A per virtqueue hrtimer were used for coalesced_usecs.

Cc: Michael S. Tsirkin <m...@redhat.com>
Signed-off-by: Jason Wang <jasow...@redhat.com>
---
Changes from RFCv4:
- return ns instead of us in vhost_net_check_coalesce_and_signal()
- measure the time interval of real interrupts instead of calls to 
vhost_signal().
---
 drivers/vhost/net.c        | 199 +++++++++++++++++++++++++++++++++++++++++++--
 include/uapi/linux/vhost.h |  12 +++
 2 files changed, 202 insertions(+), 9 deletions(-)

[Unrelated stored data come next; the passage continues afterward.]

(* For all $u,v\in\mathfrak{A}^0_{\mathrm{G}}$, we have $u\sqcup\!\sqcup v\in\mathfrak{A}^0_{\mathrm{G}}$.
   Context: $\mathbb{Q}\langle\pi,y\rangle$ is the free noncommutative $\mathbb{Q}$-algebra on $\pi,y$ with unit $\mathbf{1}$, and $\rho=\pi-\mathbf{1}$. For integers $0\le t\le s$ set $z_{t,s}=\rho^t\pi^{s-t}y$. $\mathfrak{A}^0_{\mathrm{G}}$ is the $\mathbb{Q}$-span in $\mathbb{Q}\langle\pi,y\rangle$ of all products $z_{t_1,s_1}z_{t_2,s_2}\cdots z_{t_d,s_d}$ ($d\ge1$) with $1\le t_1\le s_1$ and $0\le t_j\le s_j$ for $j\ge2$. The shuffle $\sqcup\!\sqcup$ is the bilinear product on $\mathbb{Q}\langle\pi,y\rangle$ with $\mathbf{1}\sqcup\!\sqcup u=u\sqcup\!\sqcup\mathbf{1}=u$, $(yu)\sqcup\!\sqcup v=u\sqcup\!\sqcup(yv)=y(u\sqcup\!\sqcup v)$, $\pi u\sqcup\!\sqcup\pi v=\pi(u\sqcup\!\sqcup\pi v)+\pi(\pi u\sqcup\!\sqcup v)-\pi(u\sqcup\!\sqcup v)$ for words $u,v$. *)

theory Defs
  imports Complex_Main "HOL-Library.Poly_Mapping"
begin

text \<open>The free noncommutative Q-algebra Q<pi,y>: finitely supported Q-valued
  functions on words over the alphabet {pi, y}, with concatenation product.\<close>

datatype letter = Pi | Y

type_synonym word = "letter list"
type_synonym ncpoly = "word \<Rightarrow>\<^sub>0 rat"

definition smult :: "rat \<Rightarrow> ncpoly \<Rightarrow> ncpoly" where
  "smult c p = (\<Sum>u\<in>Poly_Mapping.keys p. Poly_Mapping.single u (c * Poly_Mapping.lookup p u))"

definition nmul :: "ncpoly \<Rightarrow> ncpoly \<Rightarrow> ncpoly" where
  "nmul p q = (\<Sum>u\<in>Poly_Mapping.keys p. \<Sum>v\<in>Poly_Mapping.keys q.
      Poly_Mapping.single (u @ v) (Poly_Mapping.lookup p u * Poly_Mapping.lookup q v))"

definition one :: ncpoly where "one = Poly_Mapping.single [] 1"
definition piv :: ncpoly where "piv = Poly_Mapping.single [Pi] 1"
definition yv :: ncpoly where "yv = Poly_Mapping.single [Y] 1"
definition rho :: ncpoly where "rho = piv - one"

diff --git a/drivers/vhost/net.c b/drivers/vhost/net.c
index 6906f76..3222ac9 100644
--- a/drivers/vhost/net.c
+++ b/drivers/vhost/net.c
@@ -18,6 +18,7 @@
 #include <linux/file.h>
 #include <linux/slab.h>
 #include <linux/vmalloc.h>
+#include <linux/timer.h>
 
 #include <linux/net.h>
 #include <linux/if_packet.h>
@@ -62,7 +63,8 @@ enum {
        VHOST_NET_FEATURES = VHOST_FEATURES |
                         (1ULL << VHOST_NET_F_VIRTIO_NET_HDR) |
                         (1ULL << VIRTIO_NET_F_MRG_RXBUF) |
-                        (1ULL << VIRTIO_F_VERSION_1),
+                        (1ULL << VIRTIO_F_VERSION_1) |
+                        (1ULL << VIRTIO_NET_F_CTRL_COALESCE),
 };
 
 enum {
@@ -100,6 +102,15 @@ struct vhost_net_virtqueue {
        /* Reference counting for outstanding ubufs.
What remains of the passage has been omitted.